А что делают со своими книгами французские библиотеки — продают или выбрасывают? Национальная библиотека, по крайней мере, клянется и божится, что ничего подобного не делает: зажатая между своим назначением — сохранять наследие, с одной стороны, а с другой — обязательностью депонирования экземпляров произведений литературы и искусства, а также официальных юридических актов, она только и может, что хранить поступления, раздуваясь до отказа, или передавать дубликаты провинциальным партнерам. Есть еще хорошенькое словечко «прополка» (или «weeding» по ту сторону Ла-Манша и океана) — термин, в котором с удивительной непосредственностью звучит признание: щедро подаренные книги — все равно что сорняки на грядке. Но это в Национальной библиотеке.

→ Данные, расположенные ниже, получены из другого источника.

(* (Reliability of ensemble-based SpikeCP with p-variable merging.) Let $(\mathbf{x},c),(\mathbf{x}[1],c[1]),\dots,(\mathbf{x}[n],c[n])$ be i.i.d. pairs (input time series, label in $\{1,\dots,C\}$). Let $s^1,\dots,s^K$ be $K$ fixed loss functions (chosen independently of these data), $s^k_{c'}(\mathbf{x}^t)\in\mathbb{R}$. Fix a set of checkpoints $\mathcal{T}_s\subseteq\{1,\dots,T\}$ with $T\in\mathcal{T}_s$, a target accuracy $p_{\rm targ}\in(0,1)$, a set-size threshold $I_{\rm th}$, and set $\alpha=(1-p_{\rm targ})/|\mathcal{T}_s|$. For each $t\in\mathcal{T}_s$, $k$ and label $c'$ define $$p^k_{c'}(\mathbf{x}^t)=\frac{1+\sum_{i=1}^{n}\mathbb{1}\big(s^k_{c'}(\mathbf{x}^t)\le s^k_{c[i]}(\mathbf{x}^t[i])\big)}{n+1},\qquad p_{c'}(\mathbf{x}^t)=F\big(p^1_{c'}(\mathbf{x}^t),\dots,p^K_{c'}(\mathbf{x}^t)\big),$$ where $F$ is any p-merging function, and $\Gamma(\mathbf{x}^t)=\{c'\in\{1,\dots,C\}: p_{c'}(\mathbf{x}^t)>\alpha\}$. Let $T_s(\mathbf{x})=\min\{t\in\mathcal{T}_s: |\Gamma(\mathbf{x}^t)|\le I_{\rm th}\}$ if this set is nonempty and $T_s(\mathbf{x})=T$ otherwise, and output $\Gamma(\mathbf{x}):=\Gamma(\mathbf{x}^{T_s(\mathbf{x})})$. Then $\Pr\big(c\in\Gamma(\mathbf{x})\big)\ge p_{\rm targ}$, where the probability is over the test pair and the calibration data.
   Context: $\mathbf{x}^t=(\mathbf{x}_1,\dots,\mathbf{x}_t)$ denotes the prefix up to time $t$ of the time series $\mathbf{x}$. A function $F:[0,1]^K\to[0,\infty)$ is a p-merging function if for any random variables $P^1,\dots,P^K$ (with arbitrary dependence) each satisfying $\Pr(P^k\le\alpha')\le\alpha'$ for all $\alpha'\in(0,1)$, one has $\Pr(F(P^1,\dots,P^K)\le\alpha')\le\alpha'$ for all $\alpha'\in(0,1)$. Examples: $F(p^1,\dots,p^K)=K\min_k p^k$, $F=\max_k p^k$, and more generally $F(p^1,\dots,p^K)=a_r\big(\frac1K\sum_k (p^k)^r\big)^{1/r}$ with suitable constants $a_r$ (e.g. $a_r=K^{1/r}$ for $r\ge K-1$). In the paper the $s^k$ are log-losses of $K$ pre-trained spiking neural networks forming an ensemble (deep ensemble or samples from a variational posterior drawn independently of the data). *)

theory Defs
  imports "HOL-Probability.Probability"
begin
lemma elem_conv_sym: "(w, w') \<in> elem_conv d k \<Longrightarrow> (w', w) \<in> elem_conv d k"
proof -
  have "(elem_step d k \<union> (elem_step d k)\<inverse>)\<inverse> = elem_step d k \<union> (elem_step d k)\<inverse>" by auto
  then show "(w, w') \<in> elem_conv d k \<Longrightarrow> (w', w) \<in> elem_conv d k"
    by (metis converse_iff rtrancl_converse)
qed

lemma equiv_word_eqv: "equiv (words d) (word_eqv d k)"
proof (rule equivI)
  show "refl_on (words d) (word_eqv d k)" unfolding refl_on_def word_eqv_def by auto
  show "word_eqv d k \<subseteq> words d \<times> words d" unfolding word_eqv_def by auto
  show "sym (word_eqv d k)" unfolding word_eqv_def using elem_conv_sym by (auto intro: symI)
  show "trans (word_eqv d k)" unfolding word_eqv_def by (auto intro: transI rtrancl_trans)
qed

lemma word_eqvD: "(w, w') \<in> word_eqv d k \<Longrightarrow> w \<in> words d \<and> w' \<in> words d \<and> (w, w') \<in> elem_conv d k"
  unfolding word_eqv_def by simp

lemma word_eqv_refl: "w \<in> words d \<Longrightarrow> (w, w) \<in> word_eqv d k"
  unfolding word_eqv_def by simp

lemma word_eqv_sym: "(w, w') \<in> word_eqv d k \<Longrightarrow> (w', w) \<in> word_eqv d k"
  using equiv_word_eqv unfolding equiv_def sym_def by blast

lemma word_eqv_trans:
  "(w, w') \<in> word_eqv d k \<Longrightarrow> (w', w'') \<in> word_eqv d k \<Longrightarrow> (w, w'') \<in> word_eqv d k"
  using equiv_word_eqv unfolding equiv_def trans_def by blast

lemma elem_step_word_eqv: "(w, w') \<in> elem_step d k \<Longrightarrow> w \<in> words d \<Longrightarrow> (w, w') \<in> word_eqv d k"
  unfolding word_eqv_def using elem_conv_words by blast

lemma append_words: "a \<in> words d \<Longrightarrow> b \<in> words d \<Longrightarrow> a @ b \<in> words d"
  by (auto simp: words_def)

lemma elem_step_append:
  assumes "(x, y) \<in> elem_step d k"
  shows "(a @ x @ b, a @ y @ b) \<in> elem_step d k"
  using assms
proof (cases rule: elem_step.cases)
  case (cancel i u c v)
  then show ?thesis using elem_step.cancel[of i d "a @ u" c "v @ b" k] by simp
next
  case (relator i u v)
  then show ?thesis using elem_step.relator[of i d "a @ u" k "v @ b"] by simp
qed

lemma elem_conv_append:
  "(x, y) \<in> elem_conv d k \<Longrightarrow> (a @ x @ b, a @ y @ b) \<in> elem_conv d k"
proof (induction rule: rtrancl_induct)
  case (step y z)
  then have "(a @ y @ b, a @ z @ b) \<in> elem_step d k \<union> (elem_step d k)\<inverse>"
    using elem_step_append by blast
  with step.IH show ?case by (rule rtrancl_into_rtrancl)
qed simp

lemma word_eqv_append:
  assumes "(a, a') \<in> word_eqv d k" "(b, b') \<in> word_eqv d k"
  shows "(a @ b, a' @ b') \<in> word_eqv d k"
proof -
  have "(a @ b, a' @ b) \<in> elem_conv d k" "(a' @ b, a' @ b') \<in> elem_conv d k"
    using elem_conv_append[of _ _ d k "[]"] elem_conv_append[of _ _ d k _ "[]"] word_eqvD assms by simp_all
  then have "(a @ b, a' @ b') \<in> elem_conv d k" by (rule rtrancl_trans)
  moreover have "a @ b \<in> words d" using assms word_eqvD append_words by blast
  ultimately show ?thesis unfolding word_eqv_def using elem_conv_words by blast
qed

definition word_class :: "nat \<Rightarrow> nat \<Rightarrow> letter list \<Rightarrow> letter list set" where
  "word_class d k w = word_eqv d k `` {w}"

lemma word_class_eq: "(w, w') \<in> word_eqv d k \<Longrightarrow> word_class d k w = word_class d k w'"
  unfolding word_class_def using equiv_class_eq[OF equiv_word_eqv] by blast

lemma some_word_class: "w \<in> words d \<Longrightarrow> (w, SOME x. x \<in> word_class d k w) \<in> word_eqv d k"
  using someI[of "\<lambda>x. x \<in> word_class d k w" w] word_eqv_refl unfolding word_class_def by blast

lemma carrier_G_dk: "carrier (G_dk d k) = word_class d k ` words d"
  unfolding G_dk_def word_class_def quotient_def by auto

lemma one_G_dk: "\<one>\<^bsub>G_dk d k\<^esub> = word_class d k []"
  unfolding G_dk_def word_class_def by simp

lemma mult_G_dk:
  assumes "a \<in> words d" "b \<in> words d"
  shows "word_class d k a \<otimes>\<^bsub>G_dk d k\<^esub> word_class d k b = word_class d k (a @ b)"
proof -
  have "word_class d k a \<otimes>\<^bsub>G_dk d k\<^esub> word_class d k b =
      word_class d k ((SOME x. x \<in> word_class d k a) @ (SOME y. y \<in> word_class d k b))"
    unfolding G_dk_def word_class_def by simp
  also have "\<dots> = word_class d k (a @ b)"
    using word_class_eq word_eqv_append word_eqv_sym some_word_class assms by metis
  finally show ?thesis .
qed

definition inv_word :: "letter list \<Rightarrow> letter list" where
  "inv_word w = rev (map (\<lambda>(i, b). (i, \<not> b)) w)"

lemma inv_word_words: "w \<in> words d \<Longrightarrow> inv_word w \<in> words d"
  unfolding inv_word_def words_def by auto

lemma inv_word_inv_word: "inv_word (inv_word w) = w"
  unfolding inv_word_def by (simp add: rev_map comp_def case_prod_beta)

Зато другие библиотечные учреждения страны обладают правом заработать немножко денег после тщательно обдуманного местным комитетом и надлежащим образом проведенного «разымуществления» с обсуждением каждого названия. Во всяком случае, этот принцип соблюдается в Гренобле, но не соблюдается ни в Пуатье, ни в Бресте, ни в Шамбери… хотя — молчок! — на самом деле все это лишь слухи… «Прополка» стала темой рассмотрения на четырех страницах убористого текста годового (за 2000 г.) отчета о деятельности Генеральной инспекции библиотек, составитель которого, вероятно, теперь страдает вполне объяснимой аллергией на книги, ибо признается, что «достаточно часто… бывал поражен производившей гнетущее впечатление теснотой на полках» в тех библиотеках, которые посещал лично. Еще тут можно прочесть следующее: «Юридические формальности, связанные с необходимостью уничтожения изъятой документации, в целом продолжают выполняться достаточно плохо», а также можно найти сведения о том, что из всех возможных способов избавиться от лишних книг — отправить на склад, пустить под нож, передать в дар или продать — последний, «вероятно, наименее популярен». Однако уверенности в этом нет.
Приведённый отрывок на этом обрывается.